A Check Point Research identificou um novo método de ransomware executado no browser gerado de forma autónoma através de uma alucinação de inteligência artificial associada a ficheiros do modelo DeepSeek.

O ataque, validado através de uma prova de conceito laboratorial divulgada a 3 de julho de 2026, elimina a necessidade de instalação de aplicações maliciosas ou exploração de vulnerabilidades ao abusar de APIs legítimas de navegação na web para encriptar ficheiros locais. A descoberta assinala uma mudança relevante na forma como nascem novas técnicas de ciberataque, permitindo que a inteligência artificial funcione como mecanismo de ligação entre conhecimento disperso e objetivos maliciosos.
O abuso da File System Access API em navegadores Chromium
A técnica assenta no desvio de uma funcionalidade legítima de acesso a ficheiros locais para encriptar dados sem instalar software.

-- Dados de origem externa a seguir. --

lemma row_mat_col_mat_star_tcls:
  assumes "\<And>i j. i < n \<Longrightarrow> j < n \<Longrightarrow> reg_lang (M i j)" "i0 < n"
  shows "row_mat_col n (\<lambda>i. if i = i0 then t_one else t_zero) (mat_star n (\<lambda>i j. tcls (M i j)))
      (\<lambda>j. if fin j then t_one else t_zero)
    = tcls (\<Union>j\<in>{j. j < n \<and> fin j}. walks n M i0 j)"
proof -
  have indicator: "(if P then t_one else t_zero) = tcls (if P then {[]} else {})" for P
    by (simp add: t_one_def t_zero_def)
  have "row_mat_col n (\<lambda>i. tcls (if i = i0 then {[]} else {})) (mat_star n (\<lambda>i j. tcls (M i j)))
      (\<lambda>j. tcls (if fin j then {[]} else {}))
    = tcls (\<Union>j<n. conc (\<Union>i<n. conc (if i = i0 then {[]} else {}) (walks n M i j)) (if fin j then {[]} else {}))"
    by (rule row_mat_col_tcls) (simp_all add: assms rl_finite reg_lang_walks mat_star_tcls)
  moreover have "(\<Union>i<n. conc (if i = i0 then {[]} else {}) (walks n M i j)) = walks n M i0 j" for j
    using assms(2) by (auto split: if_splits)
  moreover have "(\<Union>j<n. conc (walks n M i0 j) (if fin j then {[]} else {}))
      = (\<Union>j\<in>{j. j < n \<and> fin j}. walks n M i0 j)"
    by (auto split: if_splits)
  ultimately show ?thesis by (simp add: indicator)
qed

lemma tensor_carrierE:
  assumes "\<phi> \<in> tensor_carrier"
  obtains L where "reg_lang L" "\<phi> = tcls L"
  using assms unfolding tensor_carrier_def tcls_def by (auto elim: quotientE)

Durante a análise de cerca de 3.000 ficheiros atribuídos ao DeepSeek em telemetria pública, os investigadores detetaram um código que, apesar de inconsistente na maioria das funções, utilizava com precisão a File System Access API.
Esta interface, projetada para aplicações web legítimas como editores de texto ou ferramentas criativas, permite que uma página web solicite acesso a uma pasta no dispositivo do utilizador. Caso a vítima aprove a permissão por meio de engenharia social, o código obtém capacidade para enumerar, ler, exfiltrar e encriptar os ficheiros contidos no diretório.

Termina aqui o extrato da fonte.